We use chloroplast DNA sequencing to examine aspects of the pre-European Māori cultivation of an endemic New Zealand root crop, Arthropodium cirratum (rengarenga). Researching the early stages of domestication is not possible for the majority of crops, because their cultivation began many thousands of years ago and/or they have been substantially altered by modern breeding methods. We found high levels of genetic variation and structuring characterised the natural distribution of A. cirratum, while the translocated populations only retained low levels of this diversity, indicating a strong bottleneck even at the early stages of this species’ cultivation.
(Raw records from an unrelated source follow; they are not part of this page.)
lemma Fv_minimal_graph_partition:
  assumes G: "folkman_graph k H1 H2 G" "card (verts G) = Fv H1 H2 k" and v: "v \<in> verts G"
  obtains X1 X2 where "X1 \<union> X2 = verts G - {v}" "X1 \<inter> X2 = {}"
    "\<not> contains (induced G X1) H1" "\<not> contains (induced G X2) H2"
proof -
  let ?G' = "induced G (verts G - {v})"
  have fin: "finite (verts G)"
    using G(1) by (simp add: folkman_graph_def simple_graph_def)
  have verts_G': "verts ?G' = verts G - {v}"
    by auto
  then have "card (verts ?G') < Fv H1 H2 k"
    using card_Diff1_less[OF fin v] G(2) by simp
  then have "\<not> folkman_graph k H1 H2 ?G'"
    using Fv_le_card by (meson not_le)
  then have "\<not> vertex_arrows ?G' H1 H2"
    using G(1) simple_graph_induced contains_induced_imp_contains
    unfolding folkman_graph_def by blast
  then obtain X1 X2 where X: "X1 \<union> X2 = verts G - {v}" "X1 \<inter> X2 = {}"
    "\<not> contains (induced ?G' X1) H1" "\<not> contains (induced ?G' X2) H2"
    unfolding vertex_arrows_def verts_G' by blast
  moreover have "induced ?G' X1 = induced G X1" "induced ?G' X2 = induced G X2"
    using X(1) by (auto intro: induced_induced)
  ultimately show thesis
    using that by simp
qed
lemma is_coeffs_unique:
  assumes "is_coeffs lam f c" and "is_coeffs lam f d"
  shows "c = d"
proof -
  have "c a b - d a b = 0" for a b
  proof (rule double_power_series_eq_zero_imp_coeff_zero[where e = "\<lambda>a b. c a b - d a b"])
    fix z1 z2 :: complex
    assume "norm z1 < 1" "norm z2 < 1"
    then have "(z1, z2) \<in> bidisc"
      by (simp add: bidisc_def)
    then have c: "((\<lambda>(a, b). c a b * z1 ^ a * z2 ^ b) has_sum f z1 z2) UNIV"
      and d: "((\<lambda>(a, b). d a b * z1 ^ a * z2 ^ b) has_sum f z1 z2) UNIV"
      using assms by (auto simp: is_coeffs_def)
    from has_sum_add[OF c has_sum_uminusI[OF d]]
    show "((\<lambda>(a, b). (c a b - d a b) * z1 ^ a * z2 ^ b) has_sum 0) UNIV"
      by (simp add: case_prod_beta' left_diff_distrib)
  qed
  then show ?thesis
    by (auto simp: fun_eq_iff)
qed

lemma A_spaceI:
  assumes "is_coeffs lam f c" and "\<And>z1 z2. (z1, z2) \<notin> bidisc \<Longrightarrow> f z1 z2 = 0"
  shows "f \<in> A_space lam"
  unfolding A_space_def using assms by blast

lemma A_coeffs_eqI: "is_coeffs lam f c \<Longrightarrow> A_coeffs lam f = c"
  unfolding A_coeffs_def using is_coeffs_unique by blast

lemma mono_weight_nonneg: "0 \<le> mono_weight lam a b"
  unfolding mono_weight_def pochhammer_prod
  by (intro divide_nonneg_nonneg mult_nonneg_nonneg prod_nonneg) auto

lemma mono_weight_pos:
  assumes "0 < lam"
  shows "0 < mono_weight lam a b"
  unfolding mono_weight_def using assms by (intro divide_pos_pos mult_pos_pos pochhammer_pos) auto

lemma A_norm_nonneg: "0 \<le> A_norm lam f"
  unfolding A_norm_def by (intro real_sqrt_ge_zero infsum_nonneg) (auto simp: mono_weight_nonneg)

lemma A_norm_squared:
  assumes "is_coeffs lam f c"
  shows "(A_norm lam f)\<^sup>2 = (\<Sum>\<^sub>\<infinity>(a, b)\<in>UNIV. (norm (c a b))\<^sup>2 * mono_weight lam a b)"
proof -
  have "0 \<le> (\<Sum>\<^sub>\<infinity>(a, b)\<in>UNIV. (norm (c a b))\<^sup>2 * mono_weight lam a b)"
    by (rule infsum_nonneg) (auto simp: mono_weight_nonneg)
  then show ?thesis
    unfolding A_norm_def A_coeffs_eqI[OF assms] by simp
qed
The high structuring detected at four chloroplast loci within the natural A. cirratum range enabled the putative source(s) of the translocated populations to be identified as most likely located in the eastern Bay of Plenty/East Cape region. The high structuring within A. cirratum also has implications for the conservation of genetic diversity within this species, which has undergone recent declines in both its natural and translocated ranges.

Highlights

  • The emergence of agriculture was one of the most important developments in human history and lead to significant cultural and environmental changes [1]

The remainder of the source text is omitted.